(* Let $X$ be a Banach space, $(M,\mathfrak{M},\mu)$ a measure space containing a measurable set $A$ with $0<\mu(A)<\infty$, $1<p<\infty$ and $n\ge2$. Then $\ell_\infty^n$ is representable in $X$ if and only if $\ell_\infty^n$ is representable in the Lebesgue–Bochner space $L_p(M,\mathfrak{M},\mu;X)$.
   Context: $\ell_\infty^n$ is $\mathbb{R}^n$ with the maximum norm. A Banach space $Y$ is representable in $X$ if for each $\lambda>1$ there is a bounded linear map $T:Y\to X$ with $\|y\|\le\|Ty\|\le\lambda\|y\|$ for all $y\in Y$. *)

theory Defs
  imports "HOL-Analysis.Analysis"
begin

definition linf_norm :: "real^('n::finite) \<Rightarrow> real" where
  "linf_norm y = Max (range (\<lambda>i. \<bar>y $ i\<bar>))"

definition strongly_measurable :: "'b measure \<Rightarrow> ('b \<Rightarrow> 'a::real_normed_vector) \<Rightarrow> bool" where
  "strongly_measurable M f \<longleftrightarrow>
     (\<exists>s. (\<forall>k. simple_function M (s k)) \<and> (\<forall>x\<in>space M. (\<lambda>k. s k x) \<longlonglongrightarrow> f x))"

text \<open>Representatives of elements of the Lebesgue--Bochner space L_p(M;X) and their norm.\<close>
definition Lp_space :: "'b measure \<Rightarrow> real \<Rightarrow> ('b \<Rightarrow> 'a::real_normed_vector) set" where
  "Lp_space M p = {f. strongly_measurable M f \<and> (\<integral>\<^sup>+x. ennreal (norm (f x) powr p) \<partial>M) < \<infinity>}"

definition Lp_norm :: "'b measure \<Rightarrow> real \<Rightarrow> ('b \<Rightarrow> 'a::real_normed_vector) \<Rightarrow> real" where
  "Lp_norm M p f = (enn2real (\<integral>\<^sup>+x. ennreal (norm (f x) powr p) \<partial>M)) powr (1 / p)"

definition linf_representable ::
  "('n::finite) itself \<Rightarrow> ('a::real_normed_vector) itself \<Rightarrow> bool" where
  "linf_representable _ _ \<longleftrightarrow>
     (\<forall>c>1. \<exists>T :: real^'n \<Rightarrow> 'a. linear T \<and>
        (\<forall>y. linf_norm y \<le> norm (T y) \<and> norm (T y) \<le> c * linf_norm y))"

text \<open>ell_infty^n is representable in L_p(M;X); a linear map into the quotient space
  is given by a (pointwise) linear choice of representatives.\<close>
definition linf_representable_Lp ::
  "('n::finite) itself \<Rightarrow> 'b measure \<Rightarrow> real \<Rightarrow> ('a::real_normed_vector) itself \<Rightarrow> bool" where
  "linf_representable_Lp _ M p _ \<longleftrightarrow>
     (\<forall>c>1. \<exists>T :: real^'n \<Rightarrow> 'b \<Rightarrow> 'a.
        (\<forall>x. linear (\<lambda>y. T y x)) \<and> (\<forall>y. T y \<in> Lp_space M p) \<and>
        (\<forall>y. linf_norm y \<le> Lp_norm M p (T y) \<and> Lp_norm M p (T y) \<le> c * linf_norm y))"

end

theory Submission
  imports Defs
begin

text \<open>Functions constant on \<open>A\<close> embed \<open>X\<close> isometrically into \<open>L\<^sub>p(M; X)\<close>, which gives one
  direction. For the converse, let \<open>e\<close> be a sign vector and let \<open>e'\<close> agree with \<open>e\<close> in the
  coordinate \<open>i\<close> and with \<open>-e\<close> elsewhere. Since \<open>e + e' = \<plusminus>2 e\<^sub>i\<close>, convexity of
  \<open>t powr p\<close> makes \<open>(\<parallel>T e\<parallel>\<^sup>p + \<parallel>T e'\<parallel>\<^sup>p) / 2 - \<parallel>T e\<^sub>i\<parallel>\<^sup>p\<close> pointwise nonnegative. For a
  \<open>c\<close>-representation \<open>T\<close> in \<open>L\<^sub>p\<close> this defect integrates to at most \<open>c\<^sup>p - 1\<close>, while each
  \<open>\<parallel>T e\<parallel>\<^sup>p\<close> integrates to at least \<open>1\<close>, so at some point \<open>x\<close> the total defect of the linear map
  \<open>\<lambda>y. T y x\<close> is tiny compared with its values on sign vectors. Uniform strict convexity of
  \<open>t powr p\<close> then forces \<open>\<parallel>T e\<^sub>i x\<parallel>\<close> to be close to the maximum \<open>m\<close> of \<open>\<parallel>T e x\<parallel>\<close> over sign
  vectors, and a linear map bounded by \<open>m\<close> on sign vectors and by nearly \<open>m\<close> from below on the
  unit vectors is, after rescaling, nearly isometric on \<open>\<ell>\<^sub>\<infinity>\<^sup>n\<close>.\<close>

lemma powr_midpoint_less:
  fixes a b p :: real
  assumes p: "1 < p" and b: "0 \<le> b" and ba: "b < a"
  shows "((a + b) / 2) powr p < (a powr p + b powr p) / 2"
proof (cases "b = 0")
  case True
  have a: "0 < a" using ba True by simp
  have "2 powr 1 < 2 powr p" using p by (intro powr_less_mono) auto
  then have "a powr p / 2 powr p < a powr p / 2"
    using a by (intro divide_strict_left_mono) auto
  then have "(a / 2) powr p < a powr p / 2"
    using a by (simp add: powr_divide)
  then show ?thesis using True p by simp
next
  case False
  then have b0: "0 < b" using b by simp
  define u where "u = (a + b) / 2"
  have bu: "b < u" and ua: "u < a" using ba by (auto simp: u_def)
  have D: "\<And>x. 0 < x \<Longrightarrow> ((\<lambda>z. z powr p) has_real_derivative p * x powr (p - 1)) (at x)"
    by (rule has_real_derivative_powr)
  obtain z1 where z1: "u < z1" "a powr p - u powr p = (a - u) * (p * z1 powr (p - 1))"
    using MVT2[OF ua, of "\<lambda>z. z powr p" "\<lambda>x. p * x powr (p - 1)"] D b0 bu by force
  obtain z2 where z2: "b < z2" "z2 < u" "u powr p - b powr p = (u - b) * (p * z2 powr (p - 1))"
    using MVT2[OF bu, of "\<lambda>z. z powr p" "\<lambda>x. p * x powr (p - 1)"] D b0 by force
  have "p * z2 powr (p - 1) < p * z1 powr (p - 1)"
    using z1 z2 b0 p by (simp add: powr_less_mono2)
  moreover have "a - u = u - b" "0 < u - b" using bu by (auto simp: u_def field_simps)
  ultimately have "u powr p - b powr p < a powr p - u powr p"
    using z1(2) z2(3) by (metis mult_strict_left_mono)
  then show ?thesis by (simp add: u_def)
qed

lemma powr_midpoint_le:
  fixes a b p :: real
  assumes p: "1 < p" and "0 \<le> a" "0 \<le> b"
  shows "((a + b) / 2) powr p \<le> (a powr p + b powr p) / 2"
  using powr_midpoint_less[OF p \<open>0 \<le> a\<close>, of b] powr_midpoint_less[OF p \<open>0 \<le> b\<close>, of a]
  by (cases a b rule: linorder_cases) (auto simp: add.commute)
#####
What is expected: Search the data above for the word "infinity". Copy each line it is in.

Exercise response:
  "Lp_space M p = {f. strongly_measurable M f \<and> (\<integral>\<^sup>+x. ennreal (norm (f x) powr p) \<partial>M) < \<infinity>}"
  unit vectors is, after rescaling, nearly isometric on \<open>\<ell>\<^sub>\<infinity>\<^sup>n\<close>.\<close>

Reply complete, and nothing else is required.